> _Goal of the exercise_:
From the entries that follow, reproduce exactly and only the lines from the line with "pos)) \<le> (hi" to the line with "using that assms(3)[of x] by (simp", endpoints included.

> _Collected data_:
(* Let $\alpha\in(0,\tfrac12)$ and $0<c<C'$. For $N=|\{k\in\mathbb{Z}^2:|k|<k_{\mathrm F}\}|$, consider the annulus $\mathcal A=\{p\in\mathbb{R}^2:k_{\mathrm F}\le|p|<k_{\mathrm F}+\Delta\}$ with thickness $\Delta$ satisfying $cN^{-\alpha}<\Delta<C'N^{-\alpha}$. Then there is a constant $C>0$ (independent of $N$, $\Delta$ and $k$) such that for all $k\in\mathbb{Z}^2\setminus\{0\}$, $$|\mathcal A\cap(\mathcal A+k)\cap\mathbb{Z}^2|\le C\big(N^{\frac34-\frac52\alpha}+N^{\frac14-\frac12\alpha}\big).$$
   Context: $k_{\mathrm F}>0$ is the Fermi momentum with $B_{\mathrm F}=\{k\in\mathbb{Z}^2:|k|<k_{\mathrm F}\}$, $N=|B_{\mathrm F}|$, and $k_{\mathrm F}^2=\frac12(\inf_{p\notin B_{\mathrm F}}|p|^2+\sup_{q\in B_{\mathrm F}}|q|^2)$ (so $k_{\mathrm F}\sim N^{1/2}$). *)

theory Defs
  imports "HOL-Analysis.Analysis"
begin

text \<open>Lattice points of Z^2 are represented as pairs of integers; the plane R^2 as real \<times> real
  (whose library norm is the Euclidean norm sqrt(x^2+y^2)).\<close>

definition to_R2 :: "int \<times> int \<Rightarrow> real \<times> real" where
  "to_R2 q = (real_of_int (fst q), real_of_int (snd q))"

definition fermi_ball :: "real \<Rightarrow> (int \<times> int) set" where
  "fermi_ball kF = {q. norm (to_R2 q) < kF}"

definition admissible_kF :: "real \<Rightarrow> bool" where
  "admissible_kF kF \<longleftrightarrow> kF > 0 \<and>
     kF\<^sup>2 = (Inf {(norm (to_R2 p))\<^sup>2 | p. p \<notin> fermi_ball kF}
              + Sup {(norm (to_R2 q))\<^sup>2 | q. q \<in> fermi_ball kF}) / 2"

definition annulus :: "real \<Rightarrow> real \<Rightarrow> (real \<times> real) set" where
  "annulus kF \<Delta> = {p. kF \<le> norm p \<and> norm p < kF + \<Delta>}"

end

theory Submission
  imports Defs
begin

(*
  Write R = k_F and T = (k_F + \<Delta>)^2 - k_F^2, so that T = O(N^(1/2 - \<alpha>)) and N ~ R^2.  The points
  of A \<inter> (A + k) \<inter> Z^2 lie in the lens R^2 \<le> |p|^2, |p - k|^2 < R^2 + T.  In the coordinates
  P = p \<cdot> k, U = p \<times> k the lens becomes |2P - |k|^2| < T, with U^2 in a band of width
  |k|^2 T + T^2/4 and, for fixed U, P^2 in a band of width |k|^2 T; distinct lattice points have
  (P, U) at distance at least |k|.  If |k|^2 \<le> R the U-band lies at distance about |k| R from 0,
  so it contains few integers, and each fibre U = const contains O(1 + \<surd>T) points.  If |k|^2 > R
  the cells of side |k|/\<surd>2 in the (P, U)-plane contain at most one point each.  Either way the
  lens has O((1 + \<surd>T)(1 + T/\<surd>R + T^2/R)) lattice points, which is
  O(N^(1/4 - \<alpha>/2) + N^(3/4 - 5\<alpha>/2)).
*)

section \<open>Counting integer parts\<close>

lemma floor_div_eq_imp_dist_less:
  fixes a b d :: real
  assumes "d > 0" "\<lfloor>a / d\<rfloor> = \<lfloor>b / d\<rfloor>"
  shows "\<bar>a - b\<bar> < d"
proof -
  have "\<bar>a / d - b / d\<bar> < 1"
    using assms(2) floor_correct[of "a / d"] floor_correct[of "b / d"] by linarith
  then show ?thesis
    using assms(1) by (simp add: diff_divide_distrib[symmetric] abs_divide divide_less_eq)
qed

lemma inj_on_floor_div:
  fixes f :: "'a \<Rightarrow> real"
  assumes "d > 0" and "\<And>x y. x \<in> X \<Longrightarrow> y \<in> X \<Longrightarrow> x \<noteq> y \<Longrightarrow> d \<le> \<bar>f x - f y\<bar>"
  shows "inj_on (\<lambda>x. \<lfloor>f x / d\<rfloor>) X"
  using assms floor_div_eq_imp_dist_less by (fastforce intro: inj_onI)

lemma card_floor_div_image_le:
  fixes f :: "'a \<Rightarrow> real"
  assumes "d > 0" "a \<le> b" and "\<And>x. x \<in> X \<Longrightarrow> a \<le> f x \<and> f x \<le> b"
  shows "real (card ((\<lambda>x. \<lfloor>f x / d\<rfloor>) ` X)) \<le> (b - a) / d + 2"
proof -
  have "(\<lambda>x. \<lfloor>f x / d\<rfloor>) ` X \<subseteq> {\<lfloor>a / d\<rfloor>..\<lfloor>b / d\<rfloor>}"
    using assms by (auto intro!: floor_mono divide_right_mono)
  then have "card ((\<lambda>x. \<lfloor>f x / d\<rfloor>) ` X) \<le> card {\<lfloor>a / d\<rfloor>..\<lfloor>b / d\<rfloor>}"
    by (intro card_mono) auto
  moreover have "\<lfloor>a / d\<rfloor> \<le> \<lfloor>b / d\<rfloor>"
    using assms by (intro floor_mono divide_right_mono) auto
  ultimately have "real (card ((\<lambda>x. \<lfloor>f x / d\<rfloor>) ` X)) \<le> real (nat (\<lfloor>b / d\<rfloor> - \<lfloor>a / d\<rfloor> + 1))"
    by simp
  also have "\<dots> = \<lfloor>b / d\<rfloor> - \<lfloor>a / d\<rfloor> + 1"
    using \<open>\<lfloor>a / d\<rfloor> \<le> \<lfloor>b / d\<rfloor>\<close> by simp
  also have "\<dots> \<le> b / d - a / d + 2"
    using floor_correct[of "a / d"] floor_correct[of "b / d"] by linarith
  finally show ?thesis
    by (simp add: diff_divide_distrib)
qed

lemma card_floor_div_image_abs_le:
  fixes f :: "'a \<Rightarrow> real"
  assumes "d > 0" "lo \<le> hi" and "\<And>x. x \<in> X \<Longrightarrow> lo \<le> \<bar>f x\<bar> \<and> \<bar>f x\<bar> \<le> hi"
  shows "real (card ((\<lambda>x. \<lfloor>f x / d\<rfloor>) ` X)) \<le> 2 * ((hi - lo) / d + 2)"
proof -
  define pos where "pos = {x \<in> X. 0 \<le> f x}"
  define neg where "neg = {x \<in> X. f x < 0}"
  have "X = pos \<union> neg"
    unfolding pos_def neg_def by auto
  then have "(\<lambda>x. \<lfloor>f x / d\<rfloor>) ` X = (\<lambda>x. \<lfloor>f x / d\<rfloor>) ` pos \<union> (\<lambda>x. \<lfloor>f x / d\<rfloor>) ` neg"
    by (metis image_Un)
  then have "real (card ((\<lambda>x. \<lfloor>f x / d\<rfloor>) ` X))
      \<le> real (card ((\<lambda>x. \<lfloor>f x / d\<rfloor>) ` pos)) + real (card ((\<lambda>x. \<lfloor>f x / d\<rfloor>) ` neg))"
    by (metis card_Un_le of_nat_add of_nat_mono)
  moreover have "real (card ((\<lambda>x. \<lfloor>f x / d\<rfloor>) ` pos)) \<le> (hi - lo) / d + 2"
  proof (rule card_floor_div_image_le[OF assms(1,2)])
    show "lo \<le> f x \<and> f x \<le> hi" if "x \<in> pos" for x
      using that assms(3)[of x] by (simp add: pos_def)
  qed
  moreover have "real (card ((\<lambda>x. \<lfloor>f x / d\<rfloor>) ` neg)) \<le> (- lo - - hi) / d + 2"
  proof (rule card_floor_div_image_le)
    show "- hi \<le> f x \<and> f x \<le> - lo" if "x \<in> neg" for x
      using that assms(3)[of x] by (auto simp: neg_def)
  qed (use assms in auto)
  ultimately show ?thesis
    by (simp add: diff_divide_distrib)
qed

lemma abs_in_sqrt_band:
  fixes u L M :: real
  assumes "L \<le> u\<^sup>2" "u\<^sup>2 \<le> M"
  shows "sqrt (max 0 L) \<le> \<bar>u\<bar> \<and> \<bar>u\<bar> \<le> sqrt (max 0 M)"
  using assms real_sqrt_le_mono[of "max 0 L" "u\<^sup>2"] real_sqrt_le_mono[of "u\<^sup>2" "max 0 M"]
  by auto

lemma sqrt_band_width_le_sqrt:
  fixes L M :: real
  assumes "L \<le> M"
  shows "sqrt (max 0 M) - sqrt (max 0 L) \<le> sqrt (M - L)"
proof -
  have "sqrt (max 0 M) \<le> sqrt (max 0 L) + sqrt (M - L)"
    using assms real_sqrt_le_mono[of "max 0 M" "max 0 L + (M - L)"] sqrt_add_le_add_sqrt[of "max 0 L" "M - L"]
    by (auto simp: max_def)
  then show ?thesis
    by simp
qed

lemma sqrt_band_width_le_div:
  fixes L M :: real
  assumes "L \<le> M"
  shows "sqrt (max 0 M) * (sqrt (max 0 M) - sqrt (max 0 L)) \<le> M - L"
proof -
  have "sqrt (max 0 L) \<le> sqrt (max 0 M)"
    using assms by (auto intro: real_sqrt_le_mono)
  then have "sqrt (max 0 M) * (sqrt (max 0 M) - sqrt (max 0 L))
      \<le> (sqrt (max 0 M) + sqrt (max 0 L)) * (sqrt (max 0 M) - sqrt (max 0 L))"
    by (intro mult_right_mono) auto
  also have "\<dots> = max 0 M - max 0 L"
    by (simp add: algebra_simps)
  also have "\<dots> \<le> M - L"
    using assms by (auto simp: max_def)
  finally show ?thesis .
qed

lemma card_floor_div_image_sq_band:
  fixes f :: "'a \<Rightarrow> real"
  assumes "d > 0" "L \<le> M" and "\<And>x. x \<in> X \<Longrightarrow> L \<le> (f x)\<^sup>2 \<and> (f x)\<^sup>2 \<le> M"
  shows "real (card ((\<lambda>x. \<lfloor>f x / d\<rfloor>) ` X)) \<le> 2 * ((sqrt (max 0 M) - sqrt (max 0 L)) / d + 2)"
  using assms abs_in_sqrt_band by (intro card_floor_div_image_abs_le) (auto intro: real_sqrt_le_mono)

lemma card_le_card_floor_div_grid:
  fixes f g :: "'a \<Rightarrow> real"
  assumes "finite X" "c > 0"
    and "\<And>x y. x \<in> X \<Longrightarrow> y \<in> X \<Longrightarrow> x \<noteq> y \<Longrightarrow> 2 * c\<^sup>2 \<le> (f x - f y)\<^sup>2 + (g x - g y)\<^sup>2"
  shows "card X \<le> card ((\<lambda>x. \<lfloor>f x / c\<rfloor>) ` X) * card ((\<lambda>x. \<lfloor>g x / c\<rfloor>) ` X)"
proof -
  let ?cell = "\<lambda>x. (\<lfloor>f x / c\<rfloor>, \<lfloor>g x / c\<rfloor>)"
  have "inj_on ?cell X"
  proof (rule inj_onI, rule ccontr)
    fix x y assume "x \<in> X" "y \<in> X" "?cell x = ?cell y" "x \<noteq> y"
    then have "\<bar>f x - f y\<bar> < c" "\<bar>g x - g y\<bar> < c"
      using \<open>c > 0\<close> floor_div_eq_imp_dist_less by auto
    then have "(f x - f y)\<^sup>2 < c\<^sup>2" "(g x - g y)\<^sup>2 < c\<^sup>2"
      using \<open>c > 0\<close> by (metis abs_le_square_iff abs_of_pos not_le)+
    then show False
      using assms(3)[OF \<open>x \<in> X\<close> \<open>y \<in> X\<close> \<open>x \<noteq> y\<close>] by linarith
  qed
  moreover have "?cell ` X \<subseteq> (\<lambda>x. \<lfloor>f x / c\<rfloor>) ` X \<times> (\<lambda>x. \<lfloor>g x / c\<rfloor>) ` X"
    by auto
  ultimately have "card X \<le> card ((\<lambda>x. \<lfloor>f x / c\<rfloor>) ` X \<times> (\<lambda>x. \<lfloor>g x / c\<rfloor>) ` X)"
    using assms(1) by (intro card_inj_on_le) auto
  then show ?thesis
    by (simp add: card_cartesian_product)
qed
lemma cone_span_mono:
  assumes "finite I" "J \<subseteq> I"
  shows "cone_span f J \<subseteq> cone_span f I"
proof (rule cone_span_subset[OF convex_cone_cone_span])
  show "finite J"
    using assms by (rule finite_subset[rotated])
  show "f j \<in> cone_span f I" if "j \<in> J" for j
    using assms that by (blast intro: cone_span_generator)
qed

lemma cone_span_remove_redundant:
  assumes "finite I" "f i \<in> cone_span f (I - {i})"
  shows "cone_span f I = cone_span f (I - {i})"
proof
  show "cone_span f I \<subseteq> cone_span f (I - {i})"
    using assms by (intro cone_span_subset convex_cone_cone_span)
      (auto intro: cone_span_generator)
  show "cone_span f (I - {i}) \<subseteq> cone_span f I"
    using assms(1) by (rule cone_span_mono) blast
qed

lemma cone_span_split:
  assumes "finite I" "i \<in> I" "x \<in> cone_span f I"
  obtains t p where "0 \<le> t" "p \<in> cone_span f (I - {i})" "x = t *\<^sub>R f i + p"
proof -
  obtain c where c: "\<forall>j\<in>I. 0 \<le> c j" and x: "x = (\<Sum>j\<in>I. c j *\<^sub>R f j)"
    using assms(3) by (rule cone_spanE)
  have "x = c i *\<^sub>R f i + (\<Sum>j\<in>I - {i}. c j *\<^sub>R f j)"
    using assms(1,2) x by (simp add: sum.remove)
  moreover have "(\<Sum>j\<in>I - {i}. c j *\<^sub>R f j) \<in> cone_span f (I - {i})"
    using c by (intro cone_spanI) simp
  ultimately show thesis
    using that c assms(2) by blast
qed

lemma pointed_cone_add_eq_0:
  assumes "pointed_cone C" "x \<in> C" "y \<in> C" "x + y = 0"
  shows "x = 0"
  using assms minus_unique[OF assms(4)] unfolding pointed_cone_def by metis

lemma non_extreme_generator_redundant:
  assumes cone: "convex_cone C" "pointed_cone C" and span: "C = cone_span f I"
    and "finite I" "i \<in> I" "f i \<noteq> 0" "\<not> extreme_ray_gen C (f i)"
  shows "f i \<in> cone_span f (I - {i})"
proof -
  define D where "D = cone_span f (I - {i})"
  have "f i \<in> C"
    using span assms(4,5) by (simp add: cone_span_generator)
  then obtain x y where "x \<in> C" "y \<in> C" "f i = x + y"
    and x_not_multiple: "\<And>t. 0 \<le> t \<Longrightarrow> x \<noteq> t *\<^sub>R f i"
    using assms(6,7) unfolding extreme_ray_gen_def by blast
  obtain s p where "0 \<le> s" "p \<in> D" and x: "x = s *\<^sub>R f i + p"
    using cone_span_split[OF assms(4,5)] \<open>x \<in> C\<close> span unfolding D_def by metis
  obtain t q where "0 \<le> t" "q \<in> D" and y: "y = t *\<^sub>R f i + q"
    using cone_span_split[OF assms(4,5)] \<open>y \<in> C\<close> span unfolding D_def by metis
  have "D \<subseteq> C"
    unfolding D_def span using assms(4) by (rule cone_span_mono) blast
  have balance: "(1 - (s + t)) *\<^sub>R f i = p + q"
    using \<open>f i = x + y\<close> unfolding x y by (simp add: algebra_simps)
  show ?thesis
  proof (cases "s + t < 1")
    case True
    then have "f i = (1 / (1 - (s + t))) *\<^sub>R (p + q)"
      by (simp flip: balance)
    moreover have "p + q \<in> D"
      using \<open>p \<in> D\<close> \<open>q \<in> D\<close> convex_cone_add convex_cone_cone_span unfolding D_def by blast
    moreover have "0 \<le> 1 / (1 - (s + t))"
      using True by simp
    ultimately show ?thesis
      using convex_cone_scaleR[OF convex_cone_cone_span] unfolding D_def by metis
  next
    case False
    then have "(s + t - 1) *\<^sub>R f i \<in> C"
      using cone(1) \<open>f i \<in> C\<close> by (simp add: convex_cone_scaleR)
    moreover have "(p + q) + (s + t - 1) *\<^sub>R f i = 0"
      using balance by (simp add: algebra_simps)
    ultimately have "p + q = 0"
      using pointed_cone_add_eq_0[OF cone(2)] \<open>p \<in> D\<close> \<open>q \<in> D\<close> \<open>D \<subseteq> C\<close> cone(1)
      by (meson convex_cone_add subsetD)
    then have "p = 0"
      using pointed_cone_add_eq_0[OF cone(2)] \<open>p \<in> D\<close> \<open>q \<in> D\<close> \<open>D \<subseteq> C\<close> by blast
    then show ?thesis
      using x_not_multiple[OF \<open>0 \<le> s\<close>] x by simp
  qed
qed
(* The bialgebra $(\mathcal{C}omp,\uplus,\Delta)$ is made a double bialgebra with the coproduct given by the following: if $(A_1,\ldots,A_k)\in \mathbf{Comp}[A]$, \begin{align*} \delta_A(A_1,\ldots,A_k)&=\sum_{(\sigma,\tau)\in \mathbf{cont}_k} \sigma \rightarrow (A_1,\ldots,A_k)\otimes \tau\rightarrow (A_1,\ldots,A_k)\\ &=\sum_{1\leq i_1<\ldots<i_p<k}(A_1\sqcup\ldots \sqcup A_{i_1},\ldots,A_{i_p+1}\sqcup\ldots \sqcup A_k)\otimes (A_1,\ldots, A_{i_1})\uplus \ldots\uplus (A_{i_p+1},\ldots, A_k). \end{align*} The counit is given by $\varepsilon'(A_1,\ldots, A_k)=\delta_{k,1}$.
   Context: $\mathcal{C}omp[A]$ is the vector space with basis the set compositions $(A_1,\ldots,A_k)$ of the finite set $A$; it is a twisted bialgebra with the quasi-shuffle product $\uplus$, $(A_1,\ldots,A_k)\uplus(A_{k+1},\ldots,A_{k+l})=\sum_{\sigma\in QSh(k,l)}\sigma\rightarrow(A_1,\ldots,A_{k+l})$, where $QSh(k,l)$ is the set of surjections $\sigma:\{1,\ldots,k+l\}\to\{1,\ldots,\max\sigma\}$ nondecreasing on $\{1,\ldots,k\}$ and on $\{k+1,\ldots,k+l\}$, and for a surjection $\sigma:\{1,\ldots,k\}\to\{1,\ldots,\max\sigma\}$, $\sigma\rightarrow(A_1,\ldots,A_k)=\big(\bigcup_{\sigma(i)=1}A_i,\ldots,\bigcup_{\sigma(i)=\max\sigma}A_i\big)$; the coproduct $\Delta$ is deconcatenation: $\Delta_{A,B}(A_1,\ldots,A_k)=(A_1,\ldots,A_p)\otimes(A_{p+1},\ldots,A_k)$ if $A_1\sqcup\cdots\sqcup A_p=A$, $0$ otherwise. $\mathbf{cont}_k$ is the set of pairs $(\sigma,\tau)$ with $\sigma:\{1,\ldots,k\}\to\{1,\ldots,\max\sigma\}$ a nondecreasing surjection, $\tau:\{1,\ldots,k\}\to\{1,\ldots,\max\tau\}$ a surjection, such that $i<j$ and $\sigma(i)=\sigma(j)$ imply $\tau(i)<\tau(j)$. A double twisted bialgebra is a twisted bialgebra $(\mathcal{P},m,\Delta)$ with a second coproduct $\delta_A:\mathcal{P}[A]\to\mathcal{P}[A]\otimes\mathcal{P}[A]$ for each $A$, natural, coassociative, counital, multiplicative, and such that $(\Delta_{A,B}\otimes Id)\circ\delta_{A\sqcup B}=m_{1,3,24}\circ(\delta_A\otimes\delta_B)\circ\Delta_{A,B}$ (with $m_{1,3,24}(x\otimes y\otimes z\otimes t)=x\otimes z\otimes m_{A,B}(y\otimes t)$) and $\varepsilon$ is compatible with $\delta$. *)

theory Defs
  imports Main
begin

> _Worked solution_:
  moreover have "real (card ((\<lambda>x. \<lfloor>f x / d\<rfloor>) ` pos)) \<le> (hi - lo) / d + 2"
  proof (rule card_floor_div_image_le[OF assms(1,2)])
    show "lo \<le> f x \<and> f x \<le> hi" if "x \<in> pos" for x
      using that assms(3)[of x] by (simp add: pos_def)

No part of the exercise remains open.